So whilst all Australian dividends will be fully franked, that's part of the Australian law, well the Australian law permits the franking credit.
Unfortunately, we haven't yet found a way to utilize them any faster than we are currently.
Sam Walsh - CEO
Yes, thanks very much, Chris.
Thanks Clarke, and we're very happy to receive any bright or brilliant ideas you might have on this.
Operator
Abhi Shukla, Societe Generale.
Abhi Shukla - Analyst
I would like to ask three set of question.
First on Pacific Aluminum, roughly how much EBITDA and EBIT did you make in the last six months?
And is there a good part and a bad part to the business?
Is there half of the Pacific Aluminum which is maybe free cash flow positive, and other half which is negative?
This will really help us understand the business better.
The second, on Bingham Canyon, how much money do you expect to recover from the insurance?
And third, on the titanium dioxide, when do you think the destocking will end, and when do you expect a pickup in the market?
Thank you.
Sam Walsh - CEO
I think in relation to PacAl, I'll let Chris answer those questions.
The detail is actually in the press release, and the pack, but I'll let Chris make some comments on it in a moment.
In relation to Bingham Canyon, we have business interruption and we have equipment, asset loss insurance.
We're working through that process.
As soon as we've got any news there, we will reveal that.
But at this point in time, we're going through the due processes that you could expect in relation to that.
In relation to the TiO2 market, titanium dioxide, if you look at the medium to long term, the market is good for this product.
These projects are hard to bring on; they're not easy, and there are not a lot of new projects that are in the hopper.
So I think the prognosis for titanium dioxide is good, going forward.
At the moment, we're going through adjustments; at the moment, we're going through processes of uncertainty.
We've seen, with these products, that they're on a different cycle to the rest of our portfolio.

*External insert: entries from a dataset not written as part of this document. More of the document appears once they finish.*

lemma morphism_contracted_edge:
  assumes mor: "morphism G G' \<phi>" and e: "e \<in> gH G" and contracted: "\<phi> e \<notin> gH G'"
  shows "\<phi> (gr G e) = \<phi> (gr G (gi G e))"
proof -
  have "\<phi> e \<in> gV G'"
    using mor e contracted by (simp add: morphism_def gH_def)
  then show ?thesis using mor e by (simp add: morphism_def)
qed

lemma morphism_gr:
  assumes "morphism G G' \<phi>" "e \<in> gH G" "\<phi> e \<in> gH G'"
  shows "\<phi> (gr G e) = gr G' (\<phi> e)" and "\<phi> (gr G (gi G e)) = gr G' (gi G' (\<phi> e))"
  using assms unfolding morphism_def by blast+

lemma mloc_eq_mult:
  assumes harm: "harmonic G G' \<phi>" and v: "v \<in> gV G" and e': "e' \<in> Hv G' (\<phi> v)"
  shows "mloc G G' \<phi> v e' = mult G G' \<phi> v"
proof -
  have "\<forall>e''\<in>Hv G' (\<phi> v). mloc G G' \<phi> v e'' = mloc G G' \<phi> v e'"
    using harm v e' unfolding harmonic_def by blast
  then have "\<forall>e''\<in>Hv G' (\<phi> v). mloc G G' \<phi> v e'' = mult G G' \<phi> v"
    unfolding mult_def by (rule someI[where P = "\<lambda>k. \<forall>e''\<in>Hv G' (\<phi> v). mloc G G' \<phi> v e'' = k"])
  with e' show ?thesis by blast
qed

lemma slope_eq_0_off_star:
  assumes mor: "morphism G G' \<phi>" and e: "e \<in> Hv G v" and off: "\<phi> e \<notin> Hv G' (\<phi> v)"
  shows "slope G G' \<phi> e = 0"
proof (rule ccontr)
  assume "slope G G' \<phi> e \<noteq> 0"
  then have "\<phi> e \<in> gH G'" by (auto simp: slope_def split: if_splits)
  moreover have "e \<in> gH G" "gr G e = v" using e by (simp_all add: Hv_def)
  ultimately have "gr G' (\<phi> e) = \<phi> v" using morphism_gr(1)[OF mor] by metis
  with \<open>\<phi> e \<in> gH G'\<close> off show False by (simp add: Hv_def)
qed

TiO2 used in paint and other applications, it tends to be, well, you've built a building, you're now going to go in and maintain it or repair it or whatever.
So it has a different cycle, but all of a our products have a cycle and it will have its time in the sun.

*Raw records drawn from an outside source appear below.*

(* Let $\mathcal{H}$ be a finite-dimensional Hilbert space, $P$ an orthogonal projection (the codespace projection), $Q = 1-P$, and let $\{F^\ell\}$ be operators with $F^\ell = PF^\ell Q$ such that $\sum_\ell F^{\ell\dagger}F^\ell = Q$ (so that $\mathcal{R}(\cdot) = \sum_\ell F^\ell(\cdot)F^{\ell\dagger}$ is a recovery channel from operators supported on the range of $Q$ into operators supported on the range of $P$), and such that for every $\ell,\ell'$: (i) $F^\ell (F^{\ell\dagger}F^\ell)^{-1}F^{\ell\dagger} = P$, and (ii) $F^\ell F^{\ell'\dagger} = \delta_{\ell\ell'}F^\ell F^{\ell\dagger}$. Let $\mathcal{L} = \sum_\ell \mathcal{D}[F^\ell]$ (the continuous recovery $\mathcal{R} - \mathcal{I}$ with the identity Kraus operator on the codespace removed), and assume $\mathcal{L}$ has the unique decoherence-free subspace with projection $P$. Consider small miscalibrations $F^\ell \to F^\ell + f^\ell$ (no Hamiltonian perturbation), where the operators $f^\ell_{\mathrm{ll}} = Qf^\ell P$ form a noise channel $\mathcal{E}(\cdot) = \sum_\ell f^\ell_{\mathrm{ll}}(\cdot)f^{\ell\dagger}_{\mathrm{ll}}$ correctable by $\mathcal{R}$, i.e. $\mathcal{R}\mathcal{E}(\rho) \propto \rho$ for all $\rho = P\rho P$. Then, to leading order, the miscalibrations induce no evolution within the codespace: $\mathcal{L}_{\mathrm{eff}}(\rho) = 0$ for all $\rho = P\rho P$.
   Context: $\mathcal{D}[F](\rho) = F\rho F^\dagger - \tfrac12\{F^\dagger F,\rho\}$. $(F^{\ell\dagger}F^\ell)^{-1}$ denotes the inverse on its support (Moore–Penrose pseudoinverse). The effective generator is $\mathcal{L}_{\mathrm{eff}} = \mathcal{P}_\infty\mathcal{O}\mathcal{P}_\infty - \mathcal{P}_\infty\mathcal{O}_1\mathcal{L}^{-1}\mathcal{O}_1\mathcal{P}_\infty$, where $\mathcal{O} = \sum_\ell(\mathcal{D}[F^\ell+f^\ell] - \mathcal{D}[F^\ell])$, $\mathcal{O}_1(\rho) = \sum_\ell\big(F^\ell\rho f^{\ell\dagger} + f^\ell\rho F^{\ell\dagger} - \tfrac12\{F^{\ell\dagger}f^\ell + f^{\ell\dagger}F^\ell,\rho\}\big)$ is the part of $\mathcal{O}$ linear in the $f^\ell$, $\mathcal{L}^{-1}$ is the Drazin pseudoinverse of $\mathcal{L}$, and $\mathcal{P}_\infty = \mathcal{I} - \mathcal{L}\mathcal{L}^{-1} = \lim_{t\to\infty}e^{t\mathcal{L}}$ is the projection onto the steady states of $\mathcal{L}$. *)

theory Defs
  imports "HOL-Analysis.Analysis"
begin

type_synonym 'n cmat = "complex^'n^'n"

definition adj :: "'n::finite cmat \<Rightarrow> 'n cmat" where
  "adj A = (\<chi> i j. cnj (A $ j $ i))"

definition cscale :: "complex \<Rightarrow> 'n::finite cmat \<Rightarrow> 'n cmat" where
  "cscale c A = (\<chi> i j. c * A $ i $ j)"

definition mp_pinv :: "'n::finite cmat \<Rightarrow> 'n cmat" where
  "mp_pinv A = (THE X. A ** X ** A = A \<and> X ** A ** X = X \<and>
                       adj (A ** X) = A ** X \<and> adj (X ** A) = X ** A)"

definition dissipator :: "'n::finite cmat \<Rightarrow> 'n cmat \<Rightarrow> 'n cmat" where
  "dissipator F \<rho> = F ** \<rho> ** adj F
      - scaleR (1/2) (adj F ** F ** \<rho> + \<rho> ** (adj F ** F))"

text \<open>Drazin pseudoinverse of a superoperator (unique in any semigroup).\<close>
definition drazin_inv :: "('a \<Rightarrow> 'a) \<Rightarrow> ('a \<Rightarrow> 'a)" where
  "drazin_inv L = (THE D. D \<circ> L \<circ> D = D \<and> L \<circ> D = D \<circ> L \<and>
                          (\<exists>k::nat. (L ^^ Suc k) \<circ> D = L ^^ k))"

definition P_inf :: "('n::finite cmat \<Rightarrow> 'n cmat) \<Rightarrow> 'n cmat \<Rightarrow> 'n cmat" where
  "P_inf L \<rho> = \<rho> - L (drazin_inv L \<rho>)"

definition lindbladian :: "'l set \<Rightarrow> ('l \<Rightarrow> 'n::finite cmat) \<Rightarrow> 'n cmat \<Rightarrow> 'n cmat" where
  "lindbladian I F \<rho> = (\<Sum>l\<in>I. dissipator (F l) \<rho>)"

definition recovery :: "'l set \<Rightarrow> ('l \<Rightarrow> 'n::finite cmat) \<Rightarrow> 'n cmat \<Rightarrow> 'n cmat" where
  "recovery I F \<rho> = (\<Sum>l\<in>I. F l ** \<rho> ** adj (F l))"

definition pertO :: "'l set \<Rightarrow> ('l \<Rightarrow> 'n::finite cmat) \<Rightarrow> ('l \<Rightarrow> 'n cmat) \<Rightarrow> 'n cmat \<Rightarrow> 'n cmat" where
  "pertO I F f \<rho> = (\<Sum>l\<in>I. dissipator (F l + f l) \<rho> - dissipator (F l) \<rho>)"

text \<open>O_1: the part of O linear in the f.\<close>
definition pertO1 :: "'l set \<Rightarrow> ('l \<Rightarrow> 'n::finite cmat) \<Rightarrow> ('l \<Rightarrow> 'n cmat) \<Rightarrow> 'n cmat \<Rightarrow> 'n cmat" where
  "pertO1 I F f \<rho> = (\<Sum>l\<in>I. F l ** \<rho> ** adj (f l) + f l ** \<rho> ** adj (F l)
      - scaleR (1/2) ((adj (F l) ** f l + adj (f l) ** F l) ** \<rho>
                      + \<rho> ** (adj (F l) ** f l + adj (f l) ** F l)))"

definition L_eff :: "'l set \<Rightarrow> ('l \<Rightarrow> 'n::finite cmat) \<Rightarrow> ('l \<Rightarrow> 'n cmat) \<Rightarrow> 'n cmat \<Rightarrow> 'n cmat" where
  "L_eff I F f \<rho> =
     (let L = lindbladian I F; Pi = P_inf L
      in Pi (pertO I F f (Pi \<rho>)) - Pi (pertO1 I F f (drazin_inv L (pertO1 I F f (Pi \<rho>)))))"

end

theory Submission
  imports Defs
begin

(* On a codespace operator rho the effective generator works out to
   L_eff rho = R (E rho) - 1/2 (M rho + rho M), where E is the noise channel of the leakage
   parts f_ll = Q f P and M = sum_l f_ll^dag f_ll.  This needs the Drazin inverse of L and
   P_inf X = P X P + R X, both explicit because L acts blockwise with respect to P and Q.
   Correctability makes R E act on the codespace as one scalar c, and taking traces turns this
   into the Knill--Laflamme condition M = c P; hence both terms equal c rho and cancel. *)

section \<open>Uniqueness of the Drazin inverse\<close>

lemma drazin_pow_left:
  fixes L D :: "'a \<Rightarrow> 'a"
  assumes "D \<circ> L \<circ> D = D" and "L \<circ> D = D \<circ> L"
  shows "D ^^ Suc n \<circ> L ^^ n = D"
proof (induction n)
  case (Suc n)
  have "D \<circ> D \<circ> L = D"
    using assms by (metis comp_assoc)
  have "D ^^ Suc (Suc n) \<circ> L ^^ Suc n = D ^^ n \<circ> (D \<circ> D \<circ> L) \<circ> L ^^ n"
    by (simp only: funpow_Suc_right[of _ D] funpow.simps(2)[of _ L] comp_assoc)
  also have "\<dots> = D ^^ Suc n \<circ> L ^^ n"
    using \<open>D \<circ> D \<circ> L = D\<close> by (simp only: funpow_Suc_right)
  also have "\<dots> = D"
    by (fact Suc.IH)
  finally show ?case .
qed simp

lemma drazin_pow_right:
  fixes L D :: "'a \<Rightarrow> 'a"
  assumes "D \<circ> L \<circ> D = D" and "L \<circ> D = D \<circ> L"
  shows "L ^^ n \<circ> D ^^ Suc n = D"
proof (induction n)
  case (Suc n)
  have "L \<circ> D \<circ> D = D"
    using assms by metis
  have "L ^^ Suc n \<circ> D ^^ Suc (Suc n) = L ^^ n \<circ> (L \<circ> D \<circ> D) \<circ> D ^^ n"
    by (simp only: funpow_Suc_right[of _ L] funpow.simps(2)[of _ D] comp_assoc)
  also have "\<dots> = L ^^ n \<circ> D ^^ Suc n"
    using \<open>L \<circ> D \<circ> D = D\<close> by (simp only: funpow.simps(2) comp_assoc)
  also have "\<dots> = D"
    by (fact Suc.IH)
  finally show ?case .
qed simp

lemma comp_funpow_commute:
  fixes L D :: "'a \<Rightarrow> 'a"
  assumes "L \<circ> D = D \<circ> L"
  shows "L ^^ n \<circ> D = D \<circ> L ^^ n"
proof (induction n)
  case (Suc n)
  have "L ^^ Suc n \<circ> D = L \<circ> (L ^^ n \<circ> D)"
    by (simp only: funpow.simps(2) comp_assoc)
  also have "\<dots> = (L \<circ> D) \<circ> L ^^ n"
    using Suc by (simp only: comp_assoc)
  finally show ?case
    using assms by (simp only: funpow.simps(2) comp_assoc)
qed simp

lemma drazin_index_mono:
  fixes L D :: "'a \<Rightarrow> 'a"
  assumes "L ^^ Suc k \<circ> D = L ^^ k" and "k \<le> m"
  shows "L ^^ Suc m \<circ> D = L ^^ m"
  using assms(2)
proof (induction m rule: dec_induct)
  case (step m)
  have "L ^^ Suc (Suc m) \<circ> D = L \<circ> (L ^^ Suc m \<circ> D)"
    by (simp only: funpow.simps(2)[of "Suc m"] comp_assoc)
  also have "\<dots> = L ^^ Suc m"
    using step.IH by (simp only: funpow.simps(2))
  finally show ?case .
qed (fact assms(1))

lemma drazin_absorb:
  fixes L D D' :: "'a \<Rightarrow> 'a"
  assumes "D \<circ> L \<circ> D = D" and "L \<circ> D = D \<circ> L"
    and "L \<circ> D' = D' \<circ> L" and "L ^^ Suc m \<circ> D' = L ^^ m"
  shows "D \<circ> L \<circ> D' = D" and "D' \<circ> L \<circ> D = D"
proof -
  have left: "D ^^ Suc m \<circ> L ^^ m = D" and right: "L ^^ m \<circ> D ^^ Suc m = D"
    using drazin_pow_left drazin_pow_right assms(1,2) by blast+
  have "D \<circ> L \<circ> D' = (D ^^ Suc m \<circ> L ^^ m) \<circ> L \<circ> D'"
    using left by (simp only:)
  also have "\<dots> = D ^^ Suc m \<circ> (L ^^ Suc m \<circ> D')"
    by (simp only: funpow_Suc_right[of m L] comp_assoc)
  also have "\<dots> = D"
    using assms(4) left by (simp only:)
  finally show "D \<circ> L \<circ> D' = D" .
  have "D' \<circ> L \<circ> D = D' \<circ> L \<circ> (L ^^ m \<circ> D ^^ Suc m)"
    using right by (simp only:)
  also have "\<dots> = (D' \<circ> L ^^ Suc m) \<circ> D ^^ Suc m"
    by (simp only: funpow.simps(2)[of m L] comp_assoc)
  also have "\<dots> = D"
    using assms(4) right comp_funpow_commute[OF assms(3), of "Suc m"] by (simp only:)
  finally show "D' \<circ> L \<circ> D = D" .
qed

lemma drazin_unique:
  fixes L D D' :: "'a \<Rightarrow> 'a"
  assumes "D \<circ> L \<circ> D = D" "L \<circ> D = D \<circ> L" "L ^^ Suc k \<circ> D = L ^^ k"
    and "D' \<circ> L \<circ> D' = D'" "L \<circ> D' = D' \<circ> L" "L ^^ Suc k' \<circ> D' = L ^^ k'"
  shows "D = D'"
proof -
  have "L ^^ Suc (k + k') \<circ> D = L ^^ (k + k')" "L ^^ Suc (k + k') \<circ> D' = L ^^ (k + k')"
    by (rule drazin_index_mono[OF assms(3)], simp) (rule drazin_index_mono[OF assms(6)], simp)
  then have "D \<circ> L \<circ> D' = D" "D \<circ> L \<circ> D' = D'"
    using drazin_absorb assms(1,2,4,5) by blast+
  then show ?thesis
    by simp
qed

lemma drazin_inv_eqI:
  assumes "D \<circ> L \<circ> D = D" "L \<circ> D = D \<circ> L" "L ^^ Suc k \<circ> D = L ^^ k"
  shows "drazin_inv L = D"
  unfolding drazin_inv_def
  by (rule the_equality) (use assms drazin_unique[OF _ _ _ assms] in blast)+

section \<open>Complex matrices\<close>

lemma matrix_mul_eq_nested: "A ** B = C \<Longrightarrow> A ** (B ** X) = C ** X"
  by (simp add: matrix_mul_assoc)

lemma matrix_add_rdistrib: "(A + B) ** C = A ** C + B ** (C :: 'a::semiring_1^'p^'n)"
  by (simp add: matrix_matrix_mult_def vec_eq_iff sum.distrib distrib_right)

lemma matrix_diff_rdistrib: "(A - B) ** C = A ** C - B ** (C :: 'a::ring_1^'p^'n)"
  by (simp add: matrix_matrix_mult_def vec_eq_iff sum_subtractf left_diff_distrib)

lemma matrix_diff_ldistrib: "C ** (A - B) = C ** A - C ** (B :: 'a::ring_1^'p^'n)"
  by (simp add: matrix_matrix_mult_def vec_eq_iff sum_subtractf right_diff_distrib)

lemma matrix_minus_left: "(- A) ** C = - (A ** (C :: 'a::ring_1^'p^'n))"
  by (simp add: matrix_matrix_mult_def vec_eq_iff sum_negf)

lemma matrix_minus_right: "C ** (- A) = - (C ** (A :: 'a::ring_1^'p^'n))"
  by (simp add: matrix_matrix_mult_def vec_eq_iff sum_negf)

lemma matrix_scaleR_left: "(r *\<^sub>R A) ** C = r *\<^sub>R (A ** (C :: 'a::real_algebra_1^'p^'n))"
  by (simp add: scalar_matrix_assoc)

lemma matrix_scaleR_right: "C ** (r *\<^sub>R A) = r *\<^sub>R (C ** (A :: 'a::real_algebra_1^'p^'n))"
  by (simp add: matrix_scalar_ac scalar_matrix_assoc)

lemma matrix_sum_left: "sum f S ** (C :: 'a::semiring_1^'p^'n) = (\<Sum>x\<in>S. f x ** C)"
  by (induction S rule: infinite_finite_induct) (simp_all add: matrix_add_rdistrib)

lemma matrix_sum_right: "(C :: 'a::semiring_1^'n^'m) ** sum f S = (\<Sum>x\<in>S. C ** f x)"
  by (induction S rule: infinite_finite_induct) (simp_all add: matrix_add_ldistrib)

lemma matrix_cscale_left: "cscale c A ** C = cscale c (A ** (C :: 'n::finite cmat))"
  by (simp add: cscale_def matrix_matrix_mult_def vec_eq_iff sum_distrib_left mult.assoc)

lemma matrix_cscale_right: "C ** cscale c A = cscale c (C ** (A :: 'n::finite cmat))"
  by (simp add: cscale_def matrix_matrix_mult_def vec_eq_iff sum_distrib_left mult_ac)

lemmas matrix_mul_simps = matrix_mul_assoc[symmetric] matrix_add_ldistrib matrix_add_rdistrib
  matrix_diff_ldistrib matrix_diff_rdistrib matrix_minus_left matrix_minus_right
  matrix_scaleR_left matrix_scaleR_right matrix_cscale_left matrix_cscale_right
  matrix_sum_left matrix_sum_right

lemma adj_adj [simp]: "adj (adj A) = A"
  by (simp add: adj_def vec_eq_iff)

But perhaps with that, Chris, if I could go back to you to answer about PacAl in relation to its EBITDA and the makeup of the business?
Chris Lynch - CFO
Sam, we don't break it out in detail.
In the press release it's part of the other operations.
There's about $70 million, $80 million of EBIT in that area.
With regard to whether -- and I guess the other thing to say about PacAl is the current state is less significant than the rate of improvement in PacAl.
And there have been a lot of things put in place, that are improving the outcomes on PacAl, which we want to make sure we retain and persevere with, and carry across into other aspects of the business.
So there's been some great work done there, and really want to compliment Sandeep and his team on that.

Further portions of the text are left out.